第5-3話 最強ダメージ床拳士アイナ

 

「よし、住宅建築は順調だ。 これで大きく人口を増やせるだろう」


「”ダメージ床参式”をつかって、農地も広げた……中央への報告は私がやっておくから、収穫見込みの資料を送ってくれ」


 ある日の昼下がり、私は屋敷の執務室で仕事に励んでいた。


 村や農業の細かなことは村長をはじめ、村人有志がやってくれるので、私は帝国中央政府への報告をまとめたり、開発計画を立てたりと言った仕事に専念できている。

 ありがたいことだ。


 午後3時のティータイム(アイナとサーラのおやつ休憩ともいう)を終えると、フリードが仕切る研究施設に行き、新型ダメージ床の開発と、運用案の検討……といったふうに、そこそこ忙しくも、充実した毎日を送っている。


 なにより、メイドとして住み込みで働いてくれているアイナとサーラが毎日かわいい?騒動を起こしてくれるので楽しくて仕方がない。


 ふふふ……生きてるって感じがして大変良い。



 さて、そろそろティータイムに行くか……今日は新作のモンブランがあるのだ……私が執務を終え、席を立とうとした時……。


「大変だ、カール坊ちゃん! 湖のほとりに”上級モンスター”がでたよ!」


 フェリスおばさんが慌てた様子で執務室に駆け込んできて、トラブルの発生を告げる。


 ”上級モンスター”……各地方のフィールドで出現するモンスターは地方の風土、地脈の状況などによりさまざまだが、おおよそ固定されている。


 このカイナー地方では、オークなどの半人型モンスター、サーベルタイガー、グランワームなどの獣、虫系のモンスターが中心である。


 他の地方に比べて結構上位のモンスターが出現するのだが……鍛え上げられた村人たちにとっては特に問題が無い相手。


 だが、たまにその地方の出現レベルからかけ離れた上位モンスターが出現することがある。

 それを”上級モンスター”と呼び、相手にもよるが冒険者ギルドへ支援を頼んだり、帝国軍が出動することもある。


 当然、このカイナー地方にはそのどちらも存在しないので……試作を重ねて完成を見た”伍式”の出番か……。


 私は”伍式”を一番うまく使える彼女の姿を思い浮かべながら、中庭へと向かった。



 ***  ***


「もぐもぐ……上位モンスターが出たんですかっ!?」


「わふぅ……2年前に出たときはキャベツ農家のセリオさんと、リンゴ農家のカルラさんのすーぱーこんびねーしょんで倒したんですが……」


 アイナが私特製のモンブランを頬張り、嬉しそうに尻尾を左右にパタパタと振りながら説明する。

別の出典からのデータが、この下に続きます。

(* Write D_n = tildeU_n - tildeL_n for the width of the renormalised interval.
   The recursion moves the lower end up by the fraction (L_n - L*_n)/(U*_n - L*_n) of D_(n-1)
   and the upper end down by the fraction (U*_n - U_n)/(U*_n - L*_n) of D_(n-1).  Whenever
   L*_n <= L_n <= U_n <= U*_n and L*_n < U*_n (which holds almost surely for all n at once),
   both fractions lie in [0,1] and add up to at most 1; this pure real-number fact gives the
   nesting of the intervals and the width identity pathwise, by induction on n.
   For the expectations we prove the stronger statement
       E(tildeL_n | F_(n,oo)) = L_n  and  E(tildeU_n | F_(n,oo)) = U_n   a.s.
   by induction: the tower property along F_(n+1,oo) <= F_(n,oo) together with the
   hypothesis E(L_n | F_(n+1,oo)) = E(L_n | F_(n+1)) turns the induction hypothesis into
   E(tildeL_n | F_(n+1,oo)) = L*_(n+1), and the update weights are F_(n+1)-measurable, so they
   pull out of the conditional expectation. *)

lemma Fn_space [simp]: "space (Fn M L U n) = space M"
  by (simp add: Fn_def)

lemma Fn_generators_Pow: "(\<Union>j\<in>A. sets (Fn M L U j)) \<subseteq> Pow (space M)"
  using sets.space_closed[of "Fn M L U _"] by auto

lemma Finf_space [simp]: "space (Finf M L U k) = space M"
  unfolding Finf_def by (rule space_measure_of[OF Fn_generators_Pow])

lemma Finf_sets: "sets (Finf M L U k) = sigma_sets (space M) (\<Union>j\<in>{k..}. sets (Fn M L U j))"
  unfolding Finf_def by (rule sets_measure_of[OF Fn_generators_Pow])

lemma pair_measurable_Fn: "(\<lambda>x. (L n x, U n x)) \<in> measurable (Fn M L U n) (borel \<Otimes>\<^sub>M borel)"
proof -
  have "(\<lambda>x. (L n x, U n x)) \<in> measurable (Fn M L U n) borel"
    unfolding Fn_def by (rule measurable_vimage_algebra1) auto
  then show ?thesis by (simp only: borel_prod)
qed

lemma L_measurable_Fn: "L n \<in> borel_measurable (Fn M L U n)"
  using measurable_compose[OF pair_measurable_Fn measurable_fst] by simp

lemma U_measurable_Fn: "U n \<in> borel_measurable (Fn M L U n)"
  using measurable_compose[OF pair_measurable_Fn measurable_snd] by simp

lemma subalgebra_Fn:
  assumes [measurable]: "L n \<in> borel_measurable M" "U n \<in> borel_measurable M"
  shows "subalgebra M (Fn M L U n)"
proof -
  have "(\<lambda>x. (L n x, U n x)) \<in> measurable M (borel \<Otimes>\<^sub>M borel)" by measurable
  then have "(\<lambda>x. (L n x, U n x)) \<in> measurable M borel" by (simp add: borel_prod)
  then have "sets (Fn M L U n) \<subseteq> sets M"
    unfolding Fn_def by (rule sets_image_in_sets[OF refl])
  then show ?thesis unfolding subalgebra_def by simp
qed

lemma subalgebra_Finf:
  assumes "\<And>n. L n \<in> borel_measurable M" "\<And>n. U n \<in> borel_measurable M"
  shows "subalgebra M (Finf M L U k)"
proof -
  have "sets (Fn M L U j) \<subseteq> sets M" for j
    using subalgebra_Fn[of L j M U, OF assms(1)[of j] assms(2)[of j]] by (simp add: subalgebra_def)
  then have "(\<Union>j\<in>{k..}. sets (Fn M L U j)) \<subseteq> sets M" by (simp add: UN_subset_iff)
  then have "sigma_sets (space M) (\<Union>j\<in>{k..}. sets (Fn M L U j)) \<subseteq> sets M"
    by (rule sets.sigma_sets_subset)
  then show ?thesis unfolding subalgebra_def Finf_sets by simp
qed

lemma subalgebra_Finf_Fn: "k \<le> n \<Longrightarrow> subalgebra (Finf M L U k) (Fn M L U n)"
  unfolding subalgebra_def Finf_sets by (simp; blast intro: sigma_sets.Basic)

lemma subalgebra_Finf_Finf: "k \<le> n \<Longrightarrow> subalgebra (Finf M L U k) (Finf M L U n)"
  unfolding subalgebra_def Finf_sets
  by (auto intro!: sigma_sets_mono) (meson atLeast_iff order_trans UN_I sigma_sets.Basic)

section \<open>One step of the renormalisation\<close>

lemma interval_step:
  fixes a b ls l u us :: real
  assumes "a \<le> b" "ls \<le> l" "l \<le> u" "u \<le> us" "ls < us"
  defines "a' \<equiv> a + (l - ls) / (us - ls) * (b - a)"
      and "b' \<equiv> b - (us - u) / (us - ls) * (b - a)"
  shows "a \<le> a'" "a' \<le> b'" "b' \<le> b" "b' - a' = (b - a) * ((u - l) / (us - ls))"
proof -
  define p q r where "p = (l - ls) / (us - ls)" and "q = (us - u) / (us - ls)"
    and "r = (u - l) / (us - ls)"
  have nonneg: "0 \<le> p" "0 \<le> q" "0 \<le> r"
    unfolding p_def q_def r_def using assms(2-5) by simp_all
  have "p + q + r = (us - ls) / (us - ls)"
    unfolding p_def q_def r_def by (simp add: add_divide_distrib[symmetric])
  then have sum: "p + q + r = 1" using assms(5) by simp
  have ends: "a' = a + p * (b - a)" "b' = b - q * (b - a)"
    unfolding a'_def b'_def p_def q_def by simp_all
  have "b' - a' = (b - a) * (1 - p - q)"
    unfolding ends by (simp add: algebra_simps)
  also have "1 - p - q = r" using sum by simp
  finally have width: "b' - a' = (b - a) * r" .
  have "0 \<le> (b - a) * r" using nonneg assms(1) by simp
  then show "a' \<le> b'" using width by simp
  show "a \<le> a'" "b' \<le> b" using nonneg assms(1) unfolding ends by simp_all
  show "b' - a' = (b - a) * ((u - l) / (us - ls))" using width by (simp add: r_def)
qed

section \<open>Two facts on conditional expectations\<close>

context sigma_finite_subalgebra
begin

lemma real_cond_exp_tower:
  assumes "subalgebra M G" "subalgebra G F" "integrable M f"
    and "g \<in> borel_measurable M" "AE x in M. real_cond_exp M G f x = g x"
  shows "AE x in M. real_cond_exp M F f x = real_cond_exp M F g x"
proof -
  have "AE x in M. real_cond_exp M F (real_cond_exp M G f) x = real_cond_exp M F f x"
    using assms(1-3) by (rule real_cond_exp_nested_subalg)
  moreover have "AE x in M. real_cond_exp M F (real_cond_exp M G f) x = real_cond_exp M F g x"
    using assms(4,5) by (intro real_cond_exp_cong) auto
  ultimately show ?thesis by eventually_elim simp
qed

lemma real_cond_exp_weighted_diff:
  assumes "c \<in> borel_measurable F" "integrable M X" "integrable M Y"
    and "integrable M (\<lambda>x. c x * (Y x - X x))"
    and "AE x in M. real_cond_exp M F X x = a x" "AE x in M. real_cond_exp M F Y x = b x"
  shows "AE x in M. real_cond_exp M F (\<lambda>x. c x * (Y x - X x)) x = c x * (b x - a x)"
proof -
  have "(\<lambda>x. Y x - X x) \<in> borel_measurable M" using assms(2,3) by measurable
  then have "AE x in M. real_cond_exp M F (\<lambda>x. c x * (Y x - X x)) x
                        = c x * real_cond_exp M F (\<lambda>x. Y x - X x) x"
    by (rule real_cond_exp_mult[OF assms(1) _ assms(4)])
  moreover have "AE x in M. real_cond_exp M F (\<lambda>x. Y x - X x) x
                            = real_cond_exp M F Y x - real_cond_exp M F X x"
    using assms(3,2) by (rule real_cond_exp_diff)
  ultimately show ?thesis using assms(5,6) by eventually_elim simp
qed

end

locale bracketing_sequences = prob_space M
  for M :: "'a measure" +
  fixes L U :: "nat \<Rightarrow> 'a \<Rightarrow> real"
  assumes L_measurable [measurable]: "L n \<in> borel_measurable M"
    and U_measurable [measurable]: "U n \<in> borel_measurable M"
    and L_0: "L 0 x = 0" and U_0: "U 0 x = 1"
    and L_tail: "AE x in M. real_cond_exp M (Finf M L U (Suc n)) (L n) x = Lstar M L U (Suc n) x"
    and U_tail: "AE x in M. real_cond_exp M (Finf M L U (Suc n)) (U n) x = Ustar M L U (Suc n) x"
    and bracketing: "AE x in M. Lstar M L U (Suc n) x \<le> L (Suc n) x \<and> L (Suc n) x \<le> U (Suc n) x
                        \<and> U (Suc n) x \<le> Ustar M L U (Suc n) x
                        \<and> Lstar M L U (Suc n) x < Ustar M L U (Suc n) x"
begin

abbreviation "Ls \<equiv> Lstar M L U"
abbreviation "Us \<equiv> Ustar M L U"
abbreviation "tL \<equiv> tildeL M L U"
abbreviation "tU \<equiv> tildeU M L U"
abbreviation "Ftail \<equiv> Finf M L U"

definition lower_weight :: "nat \<Rightarrow> 'a \<Rightarrow> real" where
  "lower_weight n x = (L n x - Ls n x) / (Us n x - Ls n x)"

definition upper_weight :: "nat \<Rightarrow> 'a \<Rightarrow> real" where
  "upper_weight n x = (Us n x - U n x) / (Us n x - Ls n x)"

lemma tL_0 [simp]: "tL 0 x = 0" and tU_0 [simp]: "tU 0 x = 1"
  by (simp_all add: tildeL_def tildeU_def)

lemma tL_Suc: "tL (Suc n) x = tL n x + lower_weight (Suc n) x * (tU n x - tL n x)"
  and tU_Suc: "tU (Suc n) x = tU n x - upper_weight (Suc n) x * (tU n x - tL n x)"
  by (simp_all add: tildeL_def tildeU_def lower_weight_def upper_weight_def Let_def)

lemma Ls_measurable [measurable]: "Ls n \<in> borel_measurable M"
  and Us_measurable [measurable]: "Us n \<in> borel_measurable M"
  by (simp_all add: Lstar_def Ustar_def)

lemma weights_measurable_Ftail:
  "lower_weight n \<in> borel_measurable (Ftail n)" "upper_weight n \<in> borel_measurable (Ftail n)"
proof -
  have sub: "subalgebra (Ftail n) (Fn M L U n)" by (rule subalgebra_Finf_Fn) simp
  have "Ls n \<in> borel_measurable (Fn M L U n)" "Us n \<in> borel_measurable (Fn M L U n)"
    unfolding Lstar_def Ustar_def by (rule borel_measurable_cond_exp)+
  with L_measurable_Fn U_measurable_Fn
  have [measurable]: "L n \<in> borel_measurable (Ftail n)" "U n \<in> borel_measurable (Ftail n)"
    "Ls n \<in> borel_measurable (Ftail n)" "Us n \<in> borel_measurable (Ftail n)"
    by (blast intro: measurable_from_subalg[OF sub])+
  show "lower_weight n \<in> borel_measurable (Ftail n)" "upper_weight n \<in> borel_measurable (Ftail n)"
    unfolding lower_weight_def[abs_def] upper_weight_def[abs_def] by measurable
qed

lemma weights_measurable [measurable]:
  "lower_weight n \<in> borel_measurable M" "upper_weight n \<in> borel_measurable M"
  unfolding lower_weight_def[abs_def] upper_weight_def[abs_def] by measurable

lemma tilde_measurable [measurable]: "tL n \<in> borel_measurable M" "tU n \<in> borel_measurable M"
proof (induction n)
  case 0
  have initial: "tL 0 = (\<lambda>x. 0)" "tU 0 = (\<lambda>x. 1)" by (simp_all add: fun_eq_iff)
  show "tL 0 \<in> borel_measurable M" "tU 0 \<in> borel_measurable M"
    unfolding initial by simp_all
next
  case (Suc n)
  have recursion: "tL (Suc n) = (\<lambda>x. tL n x + lower_weight (Suc n) x * (tU n x - tL n x))"
       "tU (Suc n) = (\<lambda>x. tU n x - upper_weight (Suc n) x * (tU n x - tL n x))"
    by (simp_all add: tL_Suc tU_Suc fun_eq_iff)
  show "tL (Suc n) \<in> borel_measurable M" "tU (Suc n) \<in> borel_measurable M"
    using Suc.IH unfolding recursion by measurable
qed
(* Let $X$ be a nonnegative random variable and $\nu\ge1$. Suppose there exist constants $\Theta_1>0$ and $\Theta_2>0$ such that $\mathbb EX^p\le[p^{\nu p}+\Theta_2^{\nu p}]\Theta_1^{2p}$ for all integers $p\ge1$. Then for every $\vartheta>0$, $$\mathbb P(X>\vartheta)\le3\exp[\Theta_2/(2e)]\exp\Big[-\frac{\vartheta^{1/\nu}}{2e\Theta_1^{2/\nu}}\Big].$$ *)

theory Defs
  imports "HOL-Probability.Probability"
begin

end

theory Submission
  imports Defs
begin

(*
  Markov's inequality for the p-th moment gives, with s = (t / T1^2)^(1/nu),
    P(X > t) <= (p/s)^(nu p) + (T2/s)^(nu p).
  The bound is trivial unless s > 2e and s > T2; then take an integer p with
  s/(2e) <= p <= s/e.  The first term is at most e^(-p) <= e^(-s/(2e)) since p/s <= 1/e,
  and the second is at most (T2/s)^(s/(2e)) <= exp((T2 - s)/(2e)) by ln r <= r - 1.
*)

lemma powr_le_exp_neg:
  fixes x a b :: real
  assumes "0 < x" "x \<le> exp (-1)" "0 \<le> a" "a \<le> b"
  shows "x powr b \<le> exp (- a)"
proof -
  have "exp (-1) < (1::real)" by simp
  with assms(2) have "x < 1" by linarith
  have "x powr b \<le> x powr a" using assms \<open>x < 1\<close> by (intro powr_mono') auto
  also have "\<dots> = exp (a * ln x)" using assms(1) by (simp add: powr_def mult.commute)
  also have "\<dots> \<le> exp (a * (-1))"
  proof -
    have "ln x \<le> ln (exp (-1))" using assms(1,2) by (subst ln_le_cancel_iff) auto
    then show ?thesis using assms(3) by (intro exp_mono mult_left_mono) simp_all
  qed
  finally show ?thesis by simp
qed

lemma powr_le_exp_mult_diff:
  fixes r a b :: real
  assumes "0 < r" "r \<le> 1" "0 \<le> a" "a \<le> b"
  shows "r powr b \<le> exp (a * (r - 1))"
proof -
  have "r powr b \<le> r powr a" using assms by (intro powr_mono') auto
  also have "\<dots> = exp (a * ln r)" using assms(1) by (simp add: powr_def mult.commute)
  also have "\<dots> \<le> exp (a * (r - 1))"
    using ln_le_minus_one[OF assms(1)] assms(3) by (intro exp_mono mult_left_mono)
  finally show ?thesis .
qed

lemma exists_nat_between_double:
  fixes y :: real
  assumes "1 \<le> y"
  obtains p :: nat where "1 \<le> p" "y \<le> real p" "real p \<le> 2 * y"
proof
  show "y \<le> real (nat \<lceil>y\<rceil>)" by linarith
  then show "1 \<le> nat \<lceil>y\<rceil>" using assms by linarith
  show "real (nat \<lceil>y\<rceil>) \<le> 2 * y" using assms by linarith
qed

lemma (in finite_measure) measure_gt_le_moment:
  fixes X :: "'a \<Rightarrow> real" and t B :: real and p :: nat
  assumes "X \<in> borel_measurable M" "0 < t" "0 \<le> B"
    and "(\<integral>\<^sup>+ x. ennreal (X x ^ p) \<partial>M) \<le> ennreal B"
  shows "measure M {x \<in> space M. X x > t} \<le> B / t ^ p"
proof -
  let ?S = "{x \<in> space M. X x > t}"
  have "?S \<in> sets M" using assms(1) by measurable
  then have "ennreal (t ^ p) * emeasure M ?S = (\<integral>\<^sup>+ x. ennreal (t ^ p) * indicator ?S x \<partial>M)"
    by (simp add: nn_integral_cmult_indicator)
  also have "\<dots> \<le> (\<integral>\<^sup>+ x. ennreal (X x ^ p) \<partial>M)"
  proof (rule nn_integral_mono)
    fix x assume "x \<in> space M"
    then show "ennreal (t ^ p) * indicator ?S x \<le> ennreal (X x ^ p)"
      using assms(2) by (auto simp: indicator_def intro!: ennreal_leI power_mono)
  qed
  also have "\<dots> \<le> ennreal B" by (fact assms(4))
  finally have "ennreal (t ^ p * measure M ?S) \<le> ennreal B"
    using assms(2) by (simp add: emeasure_eq_measure ennreal_mult)
  then have "t ^ p * measure M ?S \<le> B"
    using assms(3) by (simp add: ennreal_le_iff)
  then show ?thesis using assms(2) by (simp add: field_simps)
qed

lemma power_eq_scaled_powr:
  fixes \<nu> t c :: real and p :: nat
  assumes "0 < \<nu>" "0 < t" "0 < c"
  shows "t ^ p = (t powr (1 / \<nu>) / c powr (2 / \<nu>)) powr (\<nu> * real p) * c ^ (2 * p)"
proof -
  have "(t powr (1 / \<nu>) / c powr (2 / \<nu>)) powr \<nu> = t / c\<^sup>2"
    using assms by (simp add: powr_divide powr_powr powr_numeral)
  then have "(t powr (1 / \<nu>) / c powr (2 / \<nu>)) powr (\<nu> * real p) = t ^ p / c ^ (2 * p)"
    using assms by (simp add: powr_powr[symmetric] powr_realpow power_divide power_mult)
  then show ?thesis using assms(3) by simp
qed

lemma tail_bound_of_moment_ratios:
  fixes q \<nu> T2 s :: real
  assumes "q \<le> 1" "1 \<le> \<nu>" "0 < T2" "0 < s"
    and moments: "\<And>p::nat. 1 \<le> p \<Longrightarrow>
      q \<le> (real p / s) powr (\<nu> * real p) + (T2 / s) powr (\<nu> * real p)"
  shows "q \<le> 3 * exp (T2 / (2 * exp 1)) * exp (- s / (2 * exp 1))"
proof (cases "1 \<le> 3 * exp (T2 / (2 * exp 1)) * exp (- s / (2 * exp 1))")
  case True
  then show ?thesis using assms(1) by linarith
next
  case False
  define y where "y = s / (2 * exp 1)"
  define E where "E = exp (T2 / (2 * exp 1))"
  have "1 \<le> E" using assms(3) by (simp add: E_def)
  then have exp_y_le: "exp (- y) \<le> E * exp (- y)" by simp
  have small: "E * exp (- y) < 1 / 3" using False by (simp add: E_def y_def)
  have "3 * E < exp y" using small by (simp add: exp_minus field_simps)
  then have "exp 1 < exp y" using \<open>1 \<le> E\<close> exp_le by linarith
  then have "1 \<le> y" by simp
  have "exp (T2 / (2 * exp 1) - y) = E * exp (- y)" by (simp add: E_def flip: exp_add)
  then have "exp (T2 / (2 * exp 1) - y) < 1" using small by linarith
  then have "T2 \<le> s" by (simp add: y_def field_simps)
  obtain p :: nat where "1 \<le> p" "y \<le> real p" "real p \<le> 2 * y"
    using exists_nat_between_double[OF \<open>1 \<le> y\<close>] .
  have "real p \<le> \<nu> * real p" using mult_right_mono[OF assms(2), of "real p"] by simp
  with \<open>y \<le> real p\<close> have y_le: "y \<le> \<nu> * real p" by linarith
  have "(real p / s) powr (\<nu> * real p) \<le> exp (- y)"
  proof (rule powr_le_exp_neg)
    show "real p / s \<le> exp (- 1)"
      using \<open>real p \<le> 2 * y\<close> assms(4) by (simp add: y_def exp_minus field_simps)
  qed (use \<open>1 \<le> p\<close> \<open>1 \<le> y\<close> y_le assms(4) in auto)
  moreover have "(T2 / s) powr (\<nu> * real p) \<le> exp (y * (T2 / s - 1))"
    using \<open>T2 \<le> s\<close> \<open>1 \<le> y\<close> y_le assms(3,4) by (intro powr_le_exp_mult_diff) auto
  moreover have "exp (y * (T2 / s - 1)) = E * exp (- y)"
  proof -
    have "y * (T2 / s - 1) = T2 / (2 * exp 1) + - y"
      using assms(4) by (simp add: y_def field_simps)
    then show ?thesis by (simp only: E_def exp_add)
  qed
  ultimately have "q \<le> exp (- y) + E * exp (- y)"
    using moments[OF \<open>1 \<le> p\<close>] by linarith
  also have "\<dots> \<le> 3 * E * exp (- y)" using exp_y_le by simp
  finally show ?thesis by (simp add: E_def y_def)
qed

theorem corollaryB2:
  fixes M :: "'a measure" and X :: "'a \<Rightarrow> real"
    and \<nu> T1 T2 t :: real
  assumes "prob_space M"
    and "X \<in> borel_measurable M"
    and "\<And>x. x \<in> space M \<Longrightarrow> X x \<ge> 0"
    and "\<nu> \<ge> 1"
    and "T1 > 0" and "T2 > 0"
    and "\<And>p::nat. p \<ge> 1 \<Longrightarrow>
          (\<integral>\<^sup>+ x. ennreal (X x ^ p) \<partial>M)
            \<le> ennreal ((real p powr (\<nu> * real p) + T2 powr (\<nu> * real p)) * T1 ^ (2 * p))"
    and "t > 0"
  shows "measure M {x \<in> space M. X x > t}
           \<le> 3 * exp (T2 / (2 * exp 1))
               * exp (- (t powr (1 / \<nu>)) / (2 * exp 1 * T1 powr (2 / \<nu>)))"
proof -
  interpret prob_space M by fact
  define s where "s = t powr (1 / \<nu>) / T1 powr (2 / \<nu>)"
  have "0 < s" using assms by (simp add: s_def)
  have "measure M {x \<in> space M. X x > t} \<le> 3 * exp (T2 / (2 * exp 1)) * exp (- s / (2 * exp 1))"
  proof (rule tail_bound_of_moment_ratios)
    fix p :: nat
    assume "1 \<le> p"
    have t_pow: "t ^ p = s powr (\<nu> * real p) * T1 ^ (2 * p)"
      unfolding s_def using assms by (intro power_eq_scaled_powr) auto
    have "measure M {x \<in> space M. X x > t}
        \<le> (real p powr (\<nu> * real p) + T2 powr (\<nu> * real p)) * T1 ^ (2 * p) / t ^ p"
      using assms \<open>1 \<le> p\<close> by (intro measure_gt_le_moment) auto
    also have "\<dots> = (real p powr (\<nu> * real p) + T2 powr (\<nu> * real p)) / s powr (\<nu> * real p)"
      using assms by (simp add: t_pow)
    also have "\<dots> = (real p / s) powr (\<nu> * real p) + (T2 / s) powr (\<nu> * real p)"
      using \<open>0 < s\<close> by (simp add: powr_divide add_divide_distrib)
    finally show "measure M {x \<in> space M. X x > t}
        \<le> (real p / s) powr (\<nu> * real p) + (T2 / s) powr (\<nu> * real p)" .
  qed (use assms \<open>0 < s\<close> prob_le_1 in auto)
  then show ?thesis by (simp add: s_def mult.commute)
qed

end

 そのふたりは村でも特に腕利きのふたり……世界を狙えるスーパー農家さんだ。


「うむ……それは私も記録で見た……だが残念ながら今回は」


「むふぅ……セリオさんがぎっくり腰で療養中なんですよね……ぱくぱく」


 スーパー農家も腰の爆弾には勝てなかったか……なので今回は彼を頼れない。


 そこで私はサラマンダーを一撃でぶっ飛ばしたアイナに期待しようと考えたのである。


「先日アイナに使ってもらった”試製・ダメージ床伍式”だが、このたび一応の完成を見た」


「しかも、アイナに合わせてチューニングしておいた……名付けて”ダメージ床伍式・アイナカスタム”っ!!」


 ばばーん! と効果音と共にそれを取り出す私。


 試作品と基本的な構造は同じだが、サポート器具を彼女の腰に巻くことで、より効率的に魔力を込められるように改造した。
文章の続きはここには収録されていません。